Problem: Find the combination of L and K that maximizes output subject to the
constraint that the cost of resources used is C; i.e., maximize Q with respect
to L and K subject to the constraint that vL+rK=C.
Note that maximizing a monotonically increasing function of a variable is equivalent to
maximizing the variable itself. Therefore ln(Q)=(2/3)ln(L)+(1/3)ln(K), a more convenient
expression, is the same as maximizing Q. Therefore
the objective function for the optimization problem is ln(Q)=(2/3)ln(L)+(1/3)ln(K).

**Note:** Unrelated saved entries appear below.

lemma perm_ns_3_staircase:
  assumes "h mod 3 = 2"
  shows "perm_ns 3 (staircase h)"
proof -
  have "1 < h" using assms by presburger
  have gens: "elem (staircase h) ` {1..3} = {2 * h, 2 * h + 1, 3 * h}"
  proof -
    have "staircase_enum h 1 = 2 * h" "staircase_enum h 2 = 2 * h + 1" "staircase_enum h 3 = 3 * h"
      using staircase_enum_A_block[of 1 h 0] staircase_enum_A_block[of 1 h 1]
        staircase_enum_B_block[of 1 h 0] \<open>1 < h\<close> by (simp_all add: numeral_2_eq_2 numeral_3_eq_3)
    moreover have "{1..3::nat} = {1, 2, 3}" by auto
    ultimately show ?thesis by (simp add: elem_staircase)
  qed
  have "UNIV - staircase h \<subseteq> {..<2 * h * h}" by (auto simp: mem_staircase_iff)
  then have "numerical_semigroup (staircase h)"
    using \<open>1 < h\<close> by (simp add: staircase_eq_gen numerical_semigroup_gen finite_subset)
  moreover have "bij_betw (\<lambda>j. elem (staircase h) (m * 3 + j) mod 3) {1..3} {..<3}" for m
  proof (rule bij_betw_mod_3_of_Suc_mod)
    have "\<not> 3 dvd m * 3 + 1" "\<not> 3 dvd m * 3 + 2" by presburger+
    note Suc_mod = staircase_enum_Suc_mod_3[OF assms this(1)] staircase_enum_Suc_mod_3[OF assms this(2)]
    have "m * 3 + 2 = Suc (m * 3 + 1)" by simp
    with Suc_mod(1)
    show "elem (staircase h) (m * 3 + 2) mod 3 = Suc (elem (staircase h) (m * 3 + 1)) mod 3"
      by (simp only: elem_staircase)
    have "m * 3 + 3 = Suc (m * 3 + 2)" by simp
    with Suc_mod(2)
    show "elem (staircase h) (m * 3 + 3) mod 3 = Suc (elem (staircase h) (m * 3 + 2)) mod 3"
      by (simp only: elem_staircase)
  qed
  ultimately show ?thesis
    unfolding perm_ns_def using gens \<open>1 < h\<close> by (simp add: staircase_eq_gen)
qed

lemma A_eq_atLeastAtMost: "A k i = {i * aa k .. i * aa k + i}"
  by (cases i) auto

lemma setplus_singleton: "setplus X {c} = (\<lambda>x. x + c) ` X"
  unfolding setplus_def by blast

lemma B_eq_atLeastLessThan: "B k i = {i * aa k + aa k div 2 ..< i * aa k + aa k div 2 + i}"
  by (cases i) (auto simp: setplus_singleton A_eq_atLeastAtMost cc_def aa_def)

lemma aa_eq: "aa k = 2 * (3 * k + 2)"
  by (simp add: aa_def)

lemma tt_eq: "tt k = 3 * k + 1"
  by (simp add: tt_def aa_def)

lemma H11_eq_staircase: "H11 k = staircase (3 * k + 2)"
proof -
  have "{0..tt k} = {..<3 * k + 2}" by (auto simp: tt_eq)
  then show ?thesis
    unfolding H11_def staircase_def A_eq_atLeastAtMost B_eq_atLeastLessThan C_def tt_eq aa_eq by (simp add: ac_simps)
qed

lemma set_less_A_B: "i < aa k div 2 \<Longrightarrow> set_less (A k i) (B k i)"
  by (auto simp: set_less_def A_eq_atLeastAtMost B_eq_atLeastLessThan)

lemma set_less_B_A_Suc: "i \<le> aa k div 2 \<Longrightarrow> set_less (B k i) (A k (i + 1))"
  by (auto simp: set_less_def A_eq_atLeastAtMost B_eq_atLeastLessThan)

lemma set_less_B_C: "set_less (B k (tt k)) (C k)"
  by (auto simp: set_less_def B_eq_atLeastLessThan C_def tt_eq aa_eq)

theorem lemma4p11:
  fixes k :: nat
  assumes "k > 0"
  defines "a \<equiv> 6*k + 4"
  defines "t \<equiv> (a - 2) div 2"
  defines "b \<equiv> a + 1"
  defines "c \<equiv> a + a div 2"
  defines "S \<equiv> {a, b, c}"
  defines "G \<equiv> gen S"
  shows "(\<forall>x. x \<in> G \<longleftrightarrow> (\<exists>q r u. r \<le> q \<and> x = (q + u) * a + u * (a div 2) + r))
    \<and> G = H11 k
    \<and> (\<forall>i\<in>{0..t}. set_less (A k i) (B k i))
    \<and> (\<forall>i\<in>{0..t-1}. set_less (B k i) (A k (i + 1)))
    \<and> set_less (B k t) (C k)
    \<and> perm_ns 3 (H11 k)"
proof -
  define h where "h = 3 * k + 2"
  have a: "a = 2 * h" "a div 2 = h" "aa k div 2 = h" and t: "t = tt k" "t < h"
    unfolding a_def h_def t_def aa_def tt_def by simp_all
  have "h mod 3 = 2" unfolding h_def by presburger
  have G: "G = gen {2 * h, 2 * h + 1, 3 * h}"
    unfolding G_def S_def b_def c_def a by (simp add: algebra_simps)
  also have "\<dots> = staircase h" using \<open>h mod 3 = 2\<close> by (simp add: staircase_eq_gen)
  also have "\<dots> = H11 k" unfolding h_def by (rule H11_eq_staircase[symmetric])
  finally have "G = H11 k" .
  moreover have "x \<in> G \<longleftrightarrow> (\<exists>q r u. r \<le> q \<and> x = (q + u) * a + u * (a div 2) + r)" for x
    unfolding G a(2) unfolding a(1) by (rule mem_gen_iff_normal_form)
  moreover have "set_less (A k i) (B k i)" if "i \<in> {0..t}" for i
    using that a t by (intro set_less_A_B) simp
  moreover have "set_less (B k i) (A k (i + 1))" if "i \<in> {0..t - 1}" for i
    using that a t by (intro set_less_B_A_Suc) simp
  moreover have "set_less (B k t) (C k)" unfolding t by (rule set_less_B_C)
  moreover have "perm_ns 3 (H11 k)"
    using \<open>h mod 3 = 2\<close> perm_ns_3_staircase unfolding h_def H11_eq_staircase by blast
  ultimately show ?thesis by blast
qed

Step 1: Form the Langrangian function by subtracting from the objective
function a multiple of the difference between the cost of the resources and the
budget allowed for resources; i.e.,
G= ln(Q) - λ(wL+rK-C)
G= (2/3)ln(L) + (1/3)ln(K) -
λ(wL+rK-C)
where λ is called the Lagrangian multiplier. In effect, this
method imposes a penalty upon any proposed solution that is proportional to the
extent to which the constraint is violated. By choosing the constant of
proportionality large enough the solution can be forced into compliance with the
constraint.
Step 2: Find the unconstrained maximum of G with respect to L and
K for a fixed value of λ by finding the values of L and K such that the partial
derivatives of G are equal to zero.
∂G/∂L = (2/3)(1/L) - λw = 0
∂G/∂K = (1/3)(1/K) - λr = 0
Step 3: Solve for the optimal L and K as function of λ; i.e.,
(2/3)(1/L)= λw so L = (2/3)/(λw)
(1/3)(1/K)= λr
so K = (1/3)/(λr)
Step 4: Find a value of λ such that the constraint is satisfied. This is
accomplished by substituting the expressions for L and K in terms of λ into the
constraint and solving for λ.
wL + rK = (2/3)(1/λ) + (1/3)(1/λ) =
1/λ = C so λ = 1/C.
Step 5: Use the value of λ found in Step 4 in the expressions for L end
K found in Step 3 to determine the optimal value of L and K.
L* = (2/3)(C/w)
and
K* = (1/3)C/r).
Step 6: Use the optimal values of L and K found in Step 5 to compute the
optimum level of the objective function.
Step 7: Note that the value of λ is equal to the partial derivative of
the objective function with respect to the size of the constraint. In this case
∂G/∂C = ∂(ln(Q))/∂C = λ